Judged by this test, I have no hesitation in regarding Mr. Irving's King Lear as the finest creation of his genius. This is an instance in which the actor creates the piece. Shakespeare is, as a poet and playwright, at his worst in "King Lear." Yet his accessories are wonderful in variety and suggestiveness. Only Shakespeare could have created the heath, and have so ordered the old King's passion, as to make his madness part of the very thunder and lightning. That was Shakespeare's magnificent conception, and Mr. Irving's rendering is worthy of its tempestuous grandeur. How to talk up to the storm, how to pierce the tumult with the cries of human distress, how to escape the ridiculous and the incongruous, how to be a King on the desolate heath, and to make the royalty gleam through the angry darkness, were the problems, and Mr. Irving solved them one and all, even with redundance of faculty and skill. At the end of the heath scene the man is more remembered than the storm. It has been objected that in the first scene Mr. Irving's Lear is too old and feeble. I venture to think otherwise. I further venture to think that the King's age and the King's imbecility have both been accurately appreciated. A man at eighty, a man athirst for flattery, a man who would pay a kingdom in exchange for adulation, must have outlived all that is best and strongest in human nature. He comes upon the stage as a wreck. His vanity has eaten up his sagacity, so that she, Goneril or Regan, who can flatter most, can lie most, and can play the devil best, shall fare most lavishly at his hands. Is it not well partly to excuse these excesses of self-valuation by such mitigations as can be found in the infirmity of old age? Even in an elderly man they would have been treated with contempt; they could only be endured in one whose eighty years had been doubled by the hardness of his life lot.
In "Henry VIII." Mr. Irving had little to do. In that play the labour and the glory fell upon another, to the infinite delight of the public. In "Lear," Mr. Irving has everything to do. From beginning to end there is only one character. Even the fascinating Cordelia is but a silver cloud on the far horizon. "The King is coming" is the cry of the play. His madness is more, as to display and effect, than the sense of all the others. The scene is stiff and cold until his wild hair is observed to approach the front, and then the whole spectacle is alight with feeling and purpose. The other actors are not to blame that, to a large extent, they are thrown into the shade; indeed, they are to be warmly congratulated upon their self-suppression and their passive sympathy. It is a hard task to play the part of two heartless and treacherous daughters, and a pitiful fate to have to represent the villainy of Edmund, yet all this was admirably done. It cannot be an easy thing to come forward to play the villain well, for the better the dramatic villain is played the more is the actor compelled to recognise in his execration the exact degree of his success. So admirably can Mr. Irving himself play the villain, that it is difficult to believe that any godparents ever, on his unconscious behalf, renounced the pomps and vanities of this wicked world.

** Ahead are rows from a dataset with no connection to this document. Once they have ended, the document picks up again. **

text \<open>
  In a pure Nash equilibrium with nonzero gains, a sharing user suffers interference and would
  strictly gain by moving to a free RE, unless all its own gains on the free REs lie below its
  threshold, the (N-M+1)-th smallest of its own gains. Every shared RE hosts at least two users,
  so there are at least half as many free REs as sharing users. Hence more than delta N sharing
  users force a set S of more than delta N users and a set E of more than delta N / 2 REs such
  that every gain of a user in S on an RE in E is below that user's threshold.

  For one user, fix the level c exceeded by each of its gains with probability M/(2N). If all its
  gains on E are below threshold, then either at least M of its N gains exceed c (their expected
  number being M/2), or none of those on E does (expected number |E| M/(2N)). The exceedance
  indicators are m-dependent, so each count has variance at most (2m+1) times its mean, and
  Chebyshev's inequality bounds the probability by some p = O(m/(delta M)). Independence across
  users and a union bound over the at most 4^N pairs (S, E) bound the probability of the bad event
  by (4 p^delta)^N, which tends to 0 as M tends to infinity. The logarithmic lower bound on M is
  only used to make M tend to infinity.
\<close>

section \<open>Order statistics\<close>

lemma sort_nth_le_iff_card:
  fixes f :: "nat \<Rightarrow> real"
  assumes j: "j < N"
  shows "sort (map f [1..<N+1]) ! j \<le> c \<longleftrightarrow> j < card {k\<in>{1..N}. f k \<le> c}"
proof -
  define ys where "ys = sort (map f [1..<N+1])"
  have len: "length ys = N" and sor: "sorted ys" by (simp_all add: ys_def)
  have "card {k\<in>{1..N}. f k \<le> c} = length (filter (\<lambda>k. f k \<le> c) [1..<N+1])"
    by (subst distinct_length_filter) (auto intro: arg_cong[where f=card])
  also have "\<dots> = length (filter (\<lambda>x. x \<le> c) (map f [1..<N+1]))"
    by (simp add: filter_map comp_def)
  also have "\<dots> = length (filter (\<lambda>x. x \<le> c) ys)"
    unfolding ys_def by (metis mset_filter mset_sort size_mset)
  also have "\<dots> = card {i. i < N \<and> ys ! i \<le> c}"
    by (simp add: length_filter_conv_card len)
  finally have card_eq: "card {k\<in>{1..N}. f k \<le> c} = card {i. i < N \<and> ys ! i \<le> c}" .
  show ?thesis
    unfolding ys_def[symmetric] card_eq
  proof
    assume "ys ! j \<le> c"
    then have "{..j} \<subseteq> {i. i < N \<and> ys ! i \<le> c}"
      using sorted_nth_mono[OF sor, of _ j] j len by (auto intro: order_trans)
    from card_mono[OF _ this] show "j < card {i. i < N \<and> ys ! i \<le> c}" by simp
  next
    assume card: "j < card {i. i < N \<and> ys ! i \<le> c}"
    show "ys ! j \<le> c"
    proof (rule ccontr)
      assume above: "\<not> ys ! j \<le> c"
      have "{i. i < N \<and> ys ! i \<le> c} \<subseteq> {..<j}"
      proof
        fix i assume i: "i \<in> {i. i < N \<and> ys ! i \<le> c}"
        show "i \<in> {..<j}"
          using sorted_nth_mono[OF sor, of j i] i len above by (cases "j \<le> i") auto
      qed
      from card_mono[OF _ this] card show False by simp
    qed
  qed
qed

lemma ordstat_le_iff_card:
  assumes "1 \<le> M" "M \<le> N"
  shows "ordstat N h n (N - M + 1) \<le> c \<longleftrightarrow> N - M < card {k\<in>{1..N}. cmod (h n n k) \<le> c}"
  unfolding ordstat_def using sort_nth_le_iff_card[of "N - M" N] assms by simp

lemma ordstat_pos:
  assumes "1 \<le> M" "M \<le> N" and nz: "\<forall>k\<in>{1..N}. h n n k \<noteq> 0"
  shows "ordstat N h n (N - M + 1) > 0"
proof -
  have none: "{k\<in>{1..N}. cmod (h n n k) \<le> 0} = {}" using nz by auto
  have "\<not> ordstat N h n (N - M + 1) \<le> 0" unfolding ordstat_le_iff_card[OF assms(1,2)] none by simp
  then show ?thesis by simp
qed

lemma sort_nth_measurable:
  fixes g :: "nat \<Rightarrow> 'a \<Rightarrow> real"
  assumes g: "\<And>k. k \<in> {1..N} \<Longrightarrow> g k \<in> borel_measurable M"
  shows "(\<lambda>x. sort (map (\<lambda>k. g k x) [1..<N+1]) ! j) \<in> borel_measurable M"
proof (cases "j < N")
  case True
  show ?thesis
  proof (subst borel_measurable_iff_le, intro allI)
    fix c
    have count: "(\<lambda>x. \<Sum>k\<in>{1..N}. of_bool (g k x \<le> c) :: real) \<in> borel_measurable M"
      using g by (intro borel_measurable_sum) auto
    have "sort (map (\<lambda>k. g k x) [1..<N+1]) ! j \<le> c
        \<longleftrightarrow> real j < (\<Sum>k\<in>{1..N}. of_bool (g k x \<le> c))" for x
    proof -
      have "sort (map (\<lambda>k. g k x) [1..<N+1]) ! j \<le> c \<longleftrightarrow> j < card {k\<in>{1..N}. g k x \<le> c}"
        by (rule sort_nth_le_iff_card[OF True])
      also have "\<dots> \<longleftrightarrow> real j < (\<Sum>k\<in>{1..N}. of_bool (g k x \<le> c))"
        by (simp add: Int_def conj_commute)
      finally show ?thesis .
    qed
    then have "{x \<in> space M. sort (map (\<lambda>k. g k x) [1..<N+1]) ! j \<le> c}
        = {x \<in> space M. real j < (\<Sum>k\<in>{1..N}. of_bool (g k x \<le> c))}"
      by simp
    also have "\<dots> \<in> sets M" using count by measurable
    finally show "{x \<in> space M. sort (map (\<lambda>k. g k x) [1..<N+1]) ! j \<le> c} \<in> sets M" .
  qed
next
  case False
  \<comment> \<open>Out of range, \<open>nth\<close> returns the same unspecified value for every \<open>x\<close>.\<close>
  have "sort (map (\<lambda>k. g k x) [1..<N+1]) ! j = [] ! (j - N)" for x
  proof -
    have "j = length (sort (map (\<lambda>k. g k x) [1..<N+1])) + (j - N)"
      using False by (simp del: upt_Suc)
    then show ?thesis by (metis nth_append_length_plus append_Nil2)
  qed
  then show ?thesis by simp
qed

lemma ordstat_measurable:
  fixes X :: "nat \<Rightarrow> nat \<Rightarrow> nat \<Rightarrow> 'a \<Rightarrow> complex"
  assumes "\<And>k. k \<in> {1..N} \<Longrightarrow> X n n k \<in> borel_measurable M"
  shows "(\<lambda>x. ordstat N (\<lambda>n1 n2 k. X n1 n2 k x) n j) \<in> borel_measurable M"
  unfolding ordstat_def by (rule sort_nth_measurable) (use assms in measurable)

text \<open>The threshold condition as a predicate on a user's vector of own gains, so that events
  concerning different users are events about independent vector-valued random variables.\<close>

definition below_threshold :: "nat \<Rightarrow> nat \<Rightarrow> nat set \<Rightarrow> (nat \<Rightarrow> complex) \<Rightarrow> bool" where
  "below_threshold N M E g \<longleftrightarrow>
     (\<forall>k\<in>E. cmod (g k) < sort (map (\<lambda>k. cmod (g k)) [1..<N+1]) ! (N - M))"

lemma below_threshold_iff_ordstat:
  assumes "E \<subseteq> {1..N}"
  shows "below_threshold N M E (\<lambda>k\<in>{1..N}. h n n k)
    \<longleftrightarrow> (\<forall>k\<in>E. cmod (h n n k) < ordstat N h n (N - M + 1))"
proof -
  have gains: "map (\<lambda>k. cmod ((\<lambda>k\<in>{1..N}. h n n k) k)) [1..<N+1]
      = map (\<lambda>k. cmod (h n n k)) [1..<N+1]"
    by (intro map_cong) auto
  show ?thesis
    unfolding below_threshold_def ordstat_def gains add_diff_cancel_right'
    using assms by (intro ball_cong) auto
qed

lemma below_threshold_measurable:
  assumes "E \<subseteq> {1..N}"
  shows "{g\<in>space (PiM {1..N} (\<lambda>_. borel)). below_threshold N M E g}
    \<in> sets (PiM {1..N} (\<lambda>_. borel :: complex measure))"
proof -
  have [measurable]: "(\<lambda>g. sort (map (\<lambda>k. cmod (g k)) [1..<N+1]) ! (N - M))
      \<in> borel_measurable (PiM {1..N} (\<lambda>_. borel :: complex measure))"
    by (rule sort_nth_measurable[where g="\<lambda>k g. cmod (g k)"]) auto
  show ?thesis unfolding below_threshold_def
  proof (rule sets.sets_Collect_finite_All)
    show "finite E" using assms finite_subset by blast
    fix k assume "k \<in> E"
    then have [measurable]:
        "(\<lambda>g. cmod (g k)) \<in> borel_measurable (PiM {1..N} (\<lambda>_. borel :: complex measure))"
      using assms by auto
    show "{g \<in> space (PiM {1..N} (\<lambda>_. borel)).
        cmod (g k) < sort (map (\<lambda>k. cmod (g k)) [1..<N+1]) ! (N - M)}
      \<in> sets (PiM {1..N} (\<lambda>_. borel))" by measurable
  qed
qed

lemma below_order_stat_imp_count:
  fixes y :: "nat \<Rightarrow> real"
  assumes M: "1 \<le> M" "M \<le> N" and below: "\<forall>k\<in>E. y k < sort (map y [1..<N+1]) ! (N - M)"
  shows "M \<le> card {k\<in>{1..N}. c < y k} \<or> {k\<in>E. c < y k} = {}"
proof (cases "sort (map y [1..<N+1]) ! (N - M) \<le> c")
  case True
  then show ?thesis using below by force
next
  case False
  then have "card {k\<in>{1..N}. y k \<le> c} \<le> N - M"
    using sort_nth_le_iff_card[of "N - M" N y c] M by simp
  moreover have "{k\<in>{1..N}. y k \<le> c} \<union> {k\<in>{1..N}. c < y k} = {1..N}" by auto
  then have "card {k\<in>{1..N}. y k \<le> c} + card {k\<in>{1..N}. c < y k} = N"
    by (metis (no_types, lifting) card_Un_disjoint card_atLeastAtMost diff_Suc_1 disjoint_iff
        finite_atLeastAtMost finite_subset mem_Collect_eq not_less sup_ge1 sup_ge2)
  ultimately show ?thesis using M by linarith
qed

section \<open>Sharing users in equilibrium\<close>

lemma PNE_sharing_user_below_threshold_on_free_RE:
  assumes a: "a \<in> PNE N M P N0 h" and M: "1 \<le> M" "M \<le> N"
    and P: "\<And>n. P n > 0" and N0: "N0 > 0"
    and nz: "\<forall>n1\<in>{1..N}. \<forall>n2\<in>{1..N}. \<forall>k\<in>{1..N}. h n1 n2 k \<noteq> 0"
    and sharing: "n \<in> {1..N}" "n' \<in> {1..N}" "n' \<noteq> n" "a n' = a n"
    and free: "k \<in> {1..N} - a ` {1..N}"
  shows "cmod (h n n k) < ordstat N h n (N - M + 1)"
proof (rule ccontr)
  assume "\<not> ?thesis"
  then have above: "ordstat N h n (N - M + 1) \<le> cmod (h n n k)" by simp
  define t where "t = ordstat N h n (N - M + 1)"
  define u_free where "u_free = log 2 (1 + P n * t\<^sup>2 / N0)"
  have t_pos: "t > 0" unfolding t_def using ordstat_pos[OF M] nz sharing(1) by auto
  have an: "a n \<in> {1..N}" using a sharing(1) unfolding PNE_def profiles_def by auto
  have "interf N P h (a(n := k)) n k = 0"
    unfolding interf_def using free by (intro sum.neutral) auto
  then have deviate: "utility N M P N0 h (a(n := k)) n = u_free"
    unfolding utility_def Let_def u_free_def t_def using above by simp
  have "0 < (cmod (h n' n (a n)))\<^sup>2 * P n'"
    using nz sharing an P by auto
  also have "\<dots> \<le> interf N P h a n (a n)"
    unfolding interf_def using sharing P
    by (intro member_le_sum) (auto simp: less_imp_le)
  finally have interf_pos: "interf N P h a n (a n) > 0" .
  have gain_pos: "P n * t\<^sup>2 > 0" using P t_pos by simp
  have "utility N M P N0 h a n < u_free"
  proof (cases "t \<le> cmod (h n n (a n))")
    case True
    then have "utility N M P N0 h a n = log 2 (1 + P n * t\<^sup>2 / (N0 + interf N P h a n (a n)))"
      unfolding utility_def Let_def t_def by simp
    also have "\<dots> < u_free"
    proof -
      have "P n * t\<^sup>2 / (N0 + interf N P h a n (a n)) < P n * t\<^sup>2 / N0"
        using gain_pos N0 interf_pos by (intro divide_strict_left_mono) auto
      moreover have "0 \<le> P n * t\<^sup>2 / (N0 + interf N P h a n (a n))"
        using gain_pos N0 interf_pos by simp
      ultimately show ?thesis unfolding u_free_def by simp
    qed
    finally show ?thesis .
  next
    case False
    have "0 < P n * t\<^sup>2 / N0" using gain_pos N0 by simp
    then have "0 < u_free" unfolding u_free_def by simp
    then show ?thesis using False unfolding utility_def Let_def t_def by simp
  qed
  moreover have "utility N M P N0 h (a(n := k)) n \<le> utility N M P N0 h a n"
    using a sharing(1) free unfolding PNE_def by auto
  ultimately show False using deviate by simp
qed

In many minor parts—or along the subsidiary lines of great parts—Mr. Irving's subtlest power comes into effective play. Who, for example, can be more gentle or more graceful with a little child? Who could hug the "fool" more fondly than old King Lear? Then recall his wonderful recognitions of old friends. When, in "The Dead Heart," he is liberated from the Bastille, how old times slowly but surely dawn into consciousness, and how quickly the dawn hastens into the noontide of the tenderest fellowship and highest festival of joy. It is verily a resurrection. After eighteen years' entombment this political Lazarus comes forth to liberty, to leadership, to dominance.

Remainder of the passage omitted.